By now you realize this will happen every month. The transformations, they suck. I know from experience. And if you’re anything like me, the first one completely traumatized you. I remember how it left me so ashamed, so embarrassed, so guilty that I tossed every mirror I owned in the dumpster. That is, after breaking a few. As dramatic as it sounds, I just couldn’t bear to look at myself.
Somehow, the second was worse. All the same physical discomfort and anguish as the first, but that time I knew what was coming. I dreaded nightfall. I begged the sun to stay up for just five more minutes. At least the first transformation took me by surprise! I had no context or point of reference to go from—a blessing, really.
For years I fought the full moon. I tried everything I could to stop my flesh from going furry and to lower the temperature of my internal furnace.
Silver.
Crucifixes.
Silver crucifixes.
Garlic.
None worked, obviously, but I learned a few things, like the HOA staunchly opposes the growing of wolf’s bane in the community garden. “Dear Professor Hayes, it has come to our attention that you recently planted a row of monkshood, which you should know, is poisonous. Please remove immediately.”

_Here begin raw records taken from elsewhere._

lemma sum_path_steps_alt_cos:
  assumes "1 \<le> t" "t \<le> int n" "n \<ge> 2" and resonant: "sin (\<theta> * (real n - 1)) = 0"
  shows "(\<Sum>s\<in>path_steps n t. alt_cos \<theta> (t + s))
           = - cos \<theta> * real (card (path_steps n t)) * alt_cos \<theta> t"
proof -
  define A where "A = \<theta> * (real_of_int t - 1)"
  have at_t: "alt_cos \<theta> t = (-1) ^ nat t * cos A" by (simp add: alt_cos_def A_def)
  have pred: "alt_cos \<theta> (t - 1) = - ((-1) ^ nat t * cos (A - \<theta>))"
    unfolding A_def using assms(1) by (rule alt_cos_pred)
  have succ: "alt_cos \<theta> (t + 1) = - ((-1) ^ nat t * cos (A + \<theta>))"
    unfolding A_def using assms(1) by (intro alt_cos_succ) simp
  consider "t = 1" | "t = int n" | "1 < t \<and> t < int n" using assms by linarith
  then show ?thesis
  proof cases
    case 1
    then have "path_steps n t = {1}" using assms by (auto simp: path_steps_def)
    then show ?thesis using 1 by (simp add: alt_cos_def)
  next
    case 2
    then have "path_steps n t = {-1}" using assms by (auto simp: path_steps_def)
    moreover have "sin A = 0" using 2 resonant by (simp add: A_def)
    ultimately show ?thesis by (simp add: pred at_t cos_diff)
  next
    case 3
    then have "path_steps n t = {-1, 1}" using assms by (auto simp: path_steps_def)
    then have "(\<Sum>s\<in>path_steps n t. alt_cos \<theta> (t + s)) = alt_cos \<theta> (t - 1) + alt_cos \<theta> (t + 1)"
      by simp
    also have "\<dots> = - cos \<theta> * 2 * alt_cos \<theta> t"
      unfolding pred succ at_t by (simp add: cos_diff cos_add algebra_simps)
    finally show ?thesis using \<open>path_steps n t = {-1, 1}\<close> by simp
  qed
qed

definition grid_move :: "int list \<Rightarrow> nat \<times> int \<Rightarrow> int list" where
  "grid_move x p = x[fst p := x ! fst p + snd p]"

definition grid_moves :: "nat \<Rightarrow> nat \<Rightarrow> int list \<Rightarrow> (nat \<times> int) set" where
  "grid_moves d n x = (SIGMA j:{..<d}. path_steps n (x ! j))"

lemma finite_grid_moves: "finite (grid_moves d n x)"
  by (simp add: grid_moves_def finite_path_steps)

lemma card_grid_moves: "card (grid_moves d n x) = (\<Sum>j<d. card (path_steps n (x ! j)))"
  by (simp add: grid_moves_def card_SigmaI finite_path_steps)

lemma finite_grid_vertices: "finite (grid_vertices d n)"
proof (rule finite_subset)
  show "grid_vertices d n \<subseteq> {xs. set xs \<subseteq> {1..int n} \<and> length xs = d}"
    by (auto simp: grid_vertices_def in_set_conv_nth)
  show "finite {xs. set xs \<subseteq> {1..int n} \<and> length xs = d}"
    by (rule finite_lists_length_eq) simp
qed

lemma grid_neighbours_eq_image:
  assumes x: "x \<in> grid_vertices d n"
  shows "{y \<in> grid_vertices d n. grid_adj x y} = grid_move x ` grid_moves d n x"
proof (intro equalityI subsetI)
  have lx: "length x = d" using x by (simp add: grid_vertices_def)
  fix y assume "y \<in> {y \<in> grid_vertices d n. grid_adj x y}"
  then have yV: "y \<in> grid_vertices d n" and "grid_adj x y" by auto
  then obtain j where j: "j < d" "\<bar>x ! j - y ! j\<bar> = 1" "\<forall>i<d. i \<noteq> j \<longrightarrow> x ! i = y ! i"
    and ly: "length y = d"
    using lx unfolding grid_adj_def by auto
  define s where "s = y ! j - x ! j"
  have "s \<in> {-1, 1}" using j(2) by (auto simp: s_def)
  have "y = grid_move x (j, s)"
    by (rule nth_equalityI) (use lx ly j s_def in \<open>auto simp: grid_move_def nth_list_update\<close>)
  moreover have "(j, s) \<in> grid_moves d n x"
    using j(1) yV \<open>s \<in> {-1, 1}\<close> by (simp add: grid_moves_def path_steps_def grid_vertices_def s_def)
  ultimately show "y \<in> grid_move x ` grid_moves d n x" by blast
next
  have lx: "length x = d" using x by (simp add: grid_vertices_def)
  fix y assume "y \<in> grid_move x ` grid_moves d n x"
  then obtain j s where j: "j < d" and s: "s \<in> {-1, 1}" "1 \<le> x ! j + s" "x ! j + s \<le> int n"
    and y: "y = grid_move x (j, s)"
    by (auto simp: grid_moves_def path_steps_def)
  have "y \<in> grid_vertices d n"
    using x j s unfolding y grid_move_def grid_vertices_def by (auto simp: nth_list_update)
  moreover have "grid_adj x y"
    unfolding grid_adj_def y grid_move_def using lx j s(1)
    by (intro conjI exI[of _ j]) (auto simp: nth_list_update)
  ultimately show "y \<in> {y \<in> grid_vertices d n. grid_adj x y}" by blast
qed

Like any good academic, I understood my limitations, so I redirected my efforts and installed a security system to keep me in the house. Chain locks, double-bolted windows, a collar and invisible electric fencing if I happened to make it out to the yard. I patted myself on the back, content that I wasn’t going to hurt anyone besides myself.
That worked for a while, because it’s a pretty good system. You probably have your own, and I bet it works just as well as mine did, or even better. Technology has come a long way since I was bitten. But you will soon realize, if you haven’t already, that this is just another attempt to control the uncontrollable. It dawned on during a professional development seminar the English Department used to offer. They brought this Zen Buddhist monk from Woodstock into the conference room, and he led us in a series of meditations and chair yoga and even a little tai chi. All this was supposed to help manage our stress levels and improve morale in the face of increased teaching loads and severe budget cuts. I’m not sure how much it helped the faculty, but it sure hooked me instantly. Just like with the bite all those years ago, I could tell something changed instantly.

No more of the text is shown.